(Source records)
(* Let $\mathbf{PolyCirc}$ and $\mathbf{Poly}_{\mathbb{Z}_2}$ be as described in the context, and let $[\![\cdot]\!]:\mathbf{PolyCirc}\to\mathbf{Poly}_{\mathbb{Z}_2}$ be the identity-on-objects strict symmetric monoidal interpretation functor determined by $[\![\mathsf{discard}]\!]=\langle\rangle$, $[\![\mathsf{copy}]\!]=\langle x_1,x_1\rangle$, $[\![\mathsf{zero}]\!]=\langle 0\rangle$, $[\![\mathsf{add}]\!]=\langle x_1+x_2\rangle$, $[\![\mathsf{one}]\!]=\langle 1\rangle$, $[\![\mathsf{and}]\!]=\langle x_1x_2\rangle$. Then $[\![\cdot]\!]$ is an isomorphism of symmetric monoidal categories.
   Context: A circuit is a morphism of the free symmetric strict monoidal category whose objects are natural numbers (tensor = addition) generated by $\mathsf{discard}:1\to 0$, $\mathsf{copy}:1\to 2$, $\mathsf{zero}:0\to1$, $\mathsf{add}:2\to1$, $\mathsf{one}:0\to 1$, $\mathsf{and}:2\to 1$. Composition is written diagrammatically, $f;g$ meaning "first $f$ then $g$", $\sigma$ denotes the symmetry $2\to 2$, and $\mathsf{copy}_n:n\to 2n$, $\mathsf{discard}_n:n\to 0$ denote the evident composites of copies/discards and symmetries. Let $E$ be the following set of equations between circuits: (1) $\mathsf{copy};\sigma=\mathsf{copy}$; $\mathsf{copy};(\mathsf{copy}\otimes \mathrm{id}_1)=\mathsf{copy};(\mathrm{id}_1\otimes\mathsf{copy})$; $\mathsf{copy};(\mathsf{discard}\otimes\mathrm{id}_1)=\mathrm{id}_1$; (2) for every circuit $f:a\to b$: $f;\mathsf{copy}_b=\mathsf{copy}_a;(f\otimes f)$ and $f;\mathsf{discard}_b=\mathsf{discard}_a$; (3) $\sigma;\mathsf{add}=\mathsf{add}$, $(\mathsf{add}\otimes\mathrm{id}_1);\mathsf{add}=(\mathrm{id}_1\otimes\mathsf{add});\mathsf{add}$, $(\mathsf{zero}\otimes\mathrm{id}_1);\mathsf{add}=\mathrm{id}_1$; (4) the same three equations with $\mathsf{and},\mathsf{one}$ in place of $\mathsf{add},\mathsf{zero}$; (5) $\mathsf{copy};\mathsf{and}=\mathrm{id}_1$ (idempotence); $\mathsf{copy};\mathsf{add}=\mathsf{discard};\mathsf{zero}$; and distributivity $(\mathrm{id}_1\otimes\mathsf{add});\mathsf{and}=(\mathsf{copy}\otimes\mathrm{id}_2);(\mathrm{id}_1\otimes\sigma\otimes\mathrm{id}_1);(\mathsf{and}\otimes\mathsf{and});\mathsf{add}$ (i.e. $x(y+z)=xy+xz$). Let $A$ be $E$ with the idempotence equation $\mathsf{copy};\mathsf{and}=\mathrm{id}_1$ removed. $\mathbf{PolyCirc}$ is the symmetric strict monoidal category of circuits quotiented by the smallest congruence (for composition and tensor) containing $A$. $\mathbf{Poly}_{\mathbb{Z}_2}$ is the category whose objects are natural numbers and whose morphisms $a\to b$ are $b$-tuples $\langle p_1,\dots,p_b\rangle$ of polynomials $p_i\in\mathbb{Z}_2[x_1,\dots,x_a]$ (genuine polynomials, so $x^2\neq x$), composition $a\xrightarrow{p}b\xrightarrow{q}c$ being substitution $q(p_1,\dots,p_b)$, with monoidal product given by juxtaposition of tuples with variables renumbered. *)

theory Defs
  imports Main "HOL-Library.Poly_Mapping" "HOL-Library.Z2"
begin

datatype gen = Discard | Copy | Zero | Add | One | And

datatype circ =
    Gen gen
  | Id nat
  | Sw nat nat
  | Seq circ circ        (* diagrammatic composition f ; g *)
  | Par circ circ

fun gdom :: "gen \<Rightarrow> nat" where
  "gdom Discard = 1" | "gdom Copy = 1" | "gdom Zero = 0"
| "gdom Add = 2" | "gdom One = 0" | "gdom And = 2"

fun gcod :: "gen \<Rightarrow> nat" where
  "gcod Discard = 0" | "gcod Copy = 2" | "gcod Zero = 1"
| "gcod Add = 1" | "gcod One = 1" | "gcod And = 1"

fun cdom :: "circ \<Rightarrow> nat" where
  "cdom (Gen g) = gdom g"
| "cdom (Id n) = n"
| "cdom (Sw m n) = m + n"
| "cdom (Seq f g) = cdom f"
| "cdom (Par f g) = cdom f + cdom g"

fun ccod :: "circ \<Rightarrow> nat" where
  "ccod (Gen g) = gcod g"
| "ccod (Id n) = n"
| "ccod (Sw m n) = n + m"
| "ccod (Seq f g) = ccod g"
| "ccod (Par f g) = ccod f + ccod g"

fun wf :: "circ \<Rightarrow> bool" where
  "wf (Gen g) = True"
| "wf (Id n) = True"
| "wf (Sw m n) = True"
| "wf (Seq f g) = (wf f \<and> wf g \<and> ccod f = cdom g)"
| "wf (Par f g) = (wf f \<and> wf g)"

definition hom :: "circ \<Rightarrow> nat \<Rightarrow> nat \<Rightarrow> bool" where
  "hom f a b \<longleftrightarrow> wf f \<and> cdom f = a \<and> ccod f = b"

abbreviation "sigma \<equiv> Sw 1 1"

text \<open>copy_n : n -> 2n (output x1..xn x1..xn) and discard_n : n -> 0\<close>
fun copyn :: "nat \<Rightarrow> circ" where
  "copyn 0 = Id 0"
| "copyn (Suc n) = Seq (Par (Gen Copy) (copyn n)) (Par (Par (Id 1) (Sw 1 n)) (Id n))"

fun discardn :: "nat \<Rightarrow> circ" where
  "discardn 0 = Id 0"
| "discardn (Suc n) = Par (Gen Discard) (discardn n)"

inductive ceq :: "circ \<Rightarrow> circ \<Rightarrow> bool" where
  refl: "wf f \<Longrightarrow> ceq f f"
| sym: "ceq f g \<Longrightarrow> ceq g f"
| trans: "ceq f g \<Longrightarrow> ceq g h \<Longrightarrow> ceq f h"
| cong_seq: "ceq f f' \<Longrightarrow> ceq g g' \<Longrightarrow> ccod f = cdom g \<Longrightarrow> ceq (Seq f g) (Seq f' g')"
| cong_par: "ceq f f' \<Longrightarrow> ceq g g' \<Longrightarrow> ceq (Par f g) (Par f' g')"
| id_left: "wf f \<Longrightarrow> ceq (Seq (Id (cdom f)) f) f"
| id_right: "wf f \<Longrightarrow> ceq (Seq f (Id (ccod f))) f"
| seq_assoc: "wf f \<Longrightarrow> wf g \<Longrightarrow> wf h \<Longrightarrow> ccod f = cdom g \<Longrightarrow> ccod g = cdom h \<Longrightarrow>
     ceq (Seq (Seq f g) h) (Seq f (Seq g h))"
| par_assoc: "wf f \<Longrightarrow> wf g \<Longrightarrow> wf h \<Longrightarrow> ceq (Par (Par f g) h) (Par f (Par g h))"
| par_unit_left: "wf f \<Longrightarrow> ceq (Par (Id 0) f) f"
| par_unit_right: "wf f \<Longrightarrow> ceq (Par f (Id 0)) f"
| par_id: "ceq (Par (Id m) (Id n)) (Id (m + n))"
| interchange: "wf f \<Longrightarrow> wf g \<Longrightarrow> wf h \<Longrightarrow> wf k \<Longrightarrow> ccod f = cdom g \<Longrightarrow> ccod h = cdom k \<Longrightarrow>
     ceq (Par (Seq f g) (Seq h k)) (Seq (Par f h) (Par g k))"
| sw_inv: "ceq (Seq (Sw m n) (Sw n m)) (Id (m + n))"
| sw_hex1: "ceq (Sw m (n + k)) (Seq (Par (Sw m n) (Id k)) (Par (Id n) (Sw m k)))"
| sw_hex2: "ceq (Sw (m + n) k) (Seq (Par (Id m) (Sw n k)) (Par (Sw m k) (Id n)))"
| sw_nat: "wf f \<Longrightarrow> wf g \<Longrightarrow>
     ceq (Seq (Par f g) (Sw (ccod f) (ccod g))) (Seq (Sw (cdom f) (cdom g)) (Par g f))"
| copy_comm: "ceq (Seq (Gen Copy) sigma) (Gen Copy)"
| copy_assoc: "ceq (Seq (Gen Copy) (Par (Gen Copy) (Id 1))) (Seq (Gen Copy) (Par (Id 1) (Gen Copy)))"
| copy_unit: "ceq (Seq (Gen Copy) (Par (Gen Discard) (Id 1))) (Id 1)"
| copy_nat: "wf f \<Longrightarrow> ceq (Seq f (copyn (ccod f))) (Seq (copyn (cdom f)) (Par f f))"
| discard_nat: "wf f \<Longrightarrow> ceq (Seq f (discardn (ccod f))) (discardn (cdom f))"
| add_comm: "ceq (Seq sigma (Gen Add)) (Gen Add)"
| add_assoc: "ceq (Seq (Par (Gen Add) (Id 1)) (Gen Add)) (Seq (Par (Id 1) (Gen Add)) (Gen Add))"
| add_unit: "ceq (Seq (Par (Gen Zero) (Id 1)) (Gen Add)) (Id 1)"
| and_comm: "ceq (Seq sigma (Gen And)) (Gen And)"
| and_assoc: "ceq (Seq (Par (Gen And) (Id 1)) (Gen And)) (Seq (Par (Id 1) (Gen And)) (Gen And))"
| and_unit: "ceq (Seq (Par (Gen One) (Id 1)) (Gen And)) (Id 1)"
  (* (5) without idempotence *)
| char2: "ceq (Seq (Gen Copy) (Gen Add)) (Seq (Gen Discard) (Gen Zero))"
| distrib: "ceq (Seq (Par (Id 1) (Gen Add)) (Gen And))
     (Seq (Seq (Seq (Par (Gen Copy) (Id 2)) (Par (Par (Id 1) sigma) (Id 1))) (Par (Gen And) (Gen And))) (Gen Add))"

--

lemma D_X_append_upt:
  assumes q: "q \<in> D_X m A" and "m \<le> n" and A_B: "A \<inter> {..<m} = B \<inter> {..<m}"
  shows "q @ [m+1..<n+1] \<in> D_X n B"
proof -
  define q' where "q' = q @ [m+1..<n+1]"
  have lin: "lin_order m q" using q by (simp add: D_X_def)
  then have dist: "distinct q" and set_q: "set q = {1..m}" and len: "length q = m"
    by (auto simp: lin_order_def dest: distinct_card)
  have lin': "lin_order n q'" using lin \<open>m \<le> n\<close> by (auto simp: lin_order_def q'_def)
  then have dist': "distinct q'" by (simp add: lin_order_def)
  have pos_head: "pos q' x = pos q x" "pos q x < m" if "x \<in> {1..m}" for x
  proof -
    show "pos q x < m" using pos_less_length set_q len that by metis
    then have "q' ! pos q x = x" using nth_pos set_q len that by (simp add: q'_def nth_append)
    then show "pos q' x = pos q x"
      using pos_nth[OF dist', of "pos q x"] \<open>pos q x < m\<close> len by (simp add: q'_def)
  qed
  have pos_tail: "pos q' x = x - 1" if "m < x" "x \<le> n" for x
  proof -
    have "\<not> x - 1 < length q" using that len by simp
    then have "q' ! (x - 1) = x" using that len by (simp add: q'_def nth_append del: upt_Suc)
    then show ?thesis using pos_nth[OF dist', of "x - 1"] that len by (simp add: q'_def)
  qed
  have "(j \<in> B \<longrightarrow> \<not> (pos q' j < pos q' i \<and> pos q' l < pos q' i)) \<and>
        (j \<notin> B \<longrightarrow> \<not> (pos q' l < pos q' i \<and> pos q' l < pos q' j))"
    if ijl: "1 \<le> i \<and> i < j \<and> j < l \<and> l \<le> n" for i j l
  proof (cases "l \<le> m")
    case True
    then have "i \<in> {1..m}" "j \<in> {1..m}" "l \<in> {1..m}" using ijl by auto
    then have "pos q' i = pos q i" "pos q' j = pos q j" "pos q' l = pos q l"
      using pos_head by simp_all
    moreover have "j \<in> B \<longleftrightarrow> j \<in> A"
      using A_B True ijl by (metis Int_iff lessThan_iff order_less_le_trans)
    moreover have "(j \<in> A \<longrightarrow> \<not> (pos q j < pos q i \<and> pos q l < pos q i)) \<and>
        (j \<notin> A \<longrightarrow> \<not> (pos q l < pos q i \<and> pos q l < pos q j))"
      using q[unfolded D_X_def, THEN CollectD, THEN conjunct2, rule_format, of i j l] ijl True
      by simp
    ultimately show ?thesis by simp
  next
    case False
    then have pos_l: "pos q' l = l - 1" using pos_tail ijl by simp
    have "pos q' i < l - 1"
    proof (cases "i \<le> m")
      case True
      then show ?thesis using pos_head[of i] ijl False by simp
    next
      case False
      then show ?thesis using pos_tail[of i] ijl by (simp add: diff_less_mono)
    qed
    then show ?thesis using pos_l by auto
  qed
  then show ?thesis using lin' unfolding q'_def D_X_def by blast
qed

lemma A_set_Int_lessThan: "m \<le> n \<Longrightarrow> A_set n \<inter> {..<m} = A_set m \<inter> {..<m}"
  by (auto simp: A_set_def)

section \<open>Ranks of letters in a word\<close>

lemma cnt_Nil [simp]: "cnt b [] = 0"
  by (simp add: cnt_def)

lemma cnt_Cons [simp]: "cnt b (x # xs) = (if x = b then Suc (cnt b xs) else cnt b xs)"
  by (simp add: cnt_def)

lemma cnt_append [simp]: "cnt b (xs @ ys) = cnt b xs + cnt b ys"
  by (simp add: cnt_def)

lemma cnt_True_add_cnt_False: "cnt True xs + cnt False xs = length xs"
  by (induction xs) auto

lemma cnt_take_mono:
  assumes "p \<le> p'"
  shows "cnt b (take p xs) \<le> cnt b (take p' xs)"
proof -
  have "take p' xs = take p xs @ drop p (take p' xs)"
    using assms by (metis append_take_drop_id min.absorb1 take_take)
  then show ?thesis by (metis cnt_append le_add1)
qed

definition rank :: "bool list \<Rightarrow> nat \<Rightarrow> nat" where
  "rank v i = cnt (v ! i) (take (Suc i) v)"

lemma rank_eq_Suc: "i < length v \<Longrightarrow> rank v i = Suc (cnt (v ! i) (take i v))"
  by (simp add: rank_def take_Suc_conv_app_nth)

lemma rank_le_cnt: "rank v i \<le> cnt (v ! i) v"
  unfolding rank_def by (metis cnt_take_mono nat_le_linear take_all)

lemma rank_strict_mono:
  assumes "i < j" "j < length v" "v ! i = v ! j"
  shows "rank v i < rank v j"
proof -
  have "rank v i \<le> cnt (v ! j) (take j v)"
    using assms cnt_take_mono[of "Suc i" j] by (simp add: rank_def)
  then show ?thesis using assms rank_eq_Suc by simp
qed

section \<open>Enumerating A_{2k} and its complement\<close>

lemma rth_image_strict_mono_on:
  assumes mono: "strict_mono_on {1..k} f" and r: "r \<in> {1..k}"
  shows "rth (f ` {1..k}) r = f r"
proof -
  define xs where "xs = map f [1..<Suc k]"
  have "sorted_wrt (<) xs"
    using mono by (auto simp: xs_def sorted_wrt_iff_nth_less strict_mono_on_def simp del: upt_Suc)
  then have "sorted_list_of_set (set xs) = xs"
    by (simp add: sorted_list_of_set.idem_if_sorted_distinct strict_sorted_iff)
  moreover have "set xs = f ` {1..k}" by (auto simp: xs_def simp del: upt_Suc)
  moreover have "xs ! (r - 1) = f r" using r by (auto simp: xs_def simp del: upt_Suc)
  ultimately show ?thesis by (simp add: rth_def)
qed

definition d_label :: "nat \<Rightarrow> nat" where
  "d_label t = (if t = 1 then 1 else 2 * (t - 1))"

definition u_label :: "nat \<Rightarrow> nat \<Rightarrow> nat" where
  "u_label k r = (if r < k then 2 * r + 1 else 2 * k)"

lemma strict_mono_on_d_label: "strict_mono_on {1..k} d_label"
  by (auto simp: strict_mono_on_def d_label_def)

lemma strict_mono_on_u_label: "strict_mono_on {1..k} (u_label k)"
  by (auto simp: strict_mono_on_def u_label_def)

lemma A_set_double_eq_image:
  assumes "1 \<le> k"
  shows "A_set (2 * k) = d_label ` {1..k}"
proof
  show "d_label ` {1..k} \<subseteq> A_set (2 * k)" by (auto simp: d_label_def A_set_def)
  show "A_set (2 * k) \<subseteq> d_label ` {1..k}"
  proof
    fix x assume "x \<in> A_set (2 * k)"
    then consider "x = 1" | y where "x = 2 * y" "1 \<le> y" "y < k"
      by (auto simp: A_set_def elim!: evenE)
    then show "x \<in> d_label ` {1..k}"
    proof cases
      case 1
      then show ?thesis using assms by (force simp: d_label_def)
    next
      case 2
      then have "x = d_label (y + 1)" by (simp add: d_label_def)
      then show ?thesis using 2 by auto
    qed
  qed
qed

• **Exercise goal**: In the entries above, find the line with "(Seq (Sw m n)" and the line with "(Gen Copy) sigma)", then set down exactly those two and every line between them, nothing else.

• **Solution to this problem**:
| sw_inv: "ceq (Seq (Sw m n) (Sw n m)) (Id (m + n))"
| sw_hex1: "ceq (Sw m (n + k)) (Seq (Par (Sw m n) (Id k)) (Par (Id n) (Sw m k)))"
| sw_hex2: "ceq (Sw (m + n) k) (Seq (Par (Id m) (Sw n k)) (Par (Sw m k) (Id n)))"
| sw_nat: "wf f \<Longrightarrow> wf g \<Longrightarrow>
     ceq (Seq (Par f g) (Sw (ccod f) (ccod g))) (Seq (Sw (cdom f) (cdom g)) (Par g f))"
| copy_comm: "ceq (Seq (Gen Copy) sigma) (Gen Copy)"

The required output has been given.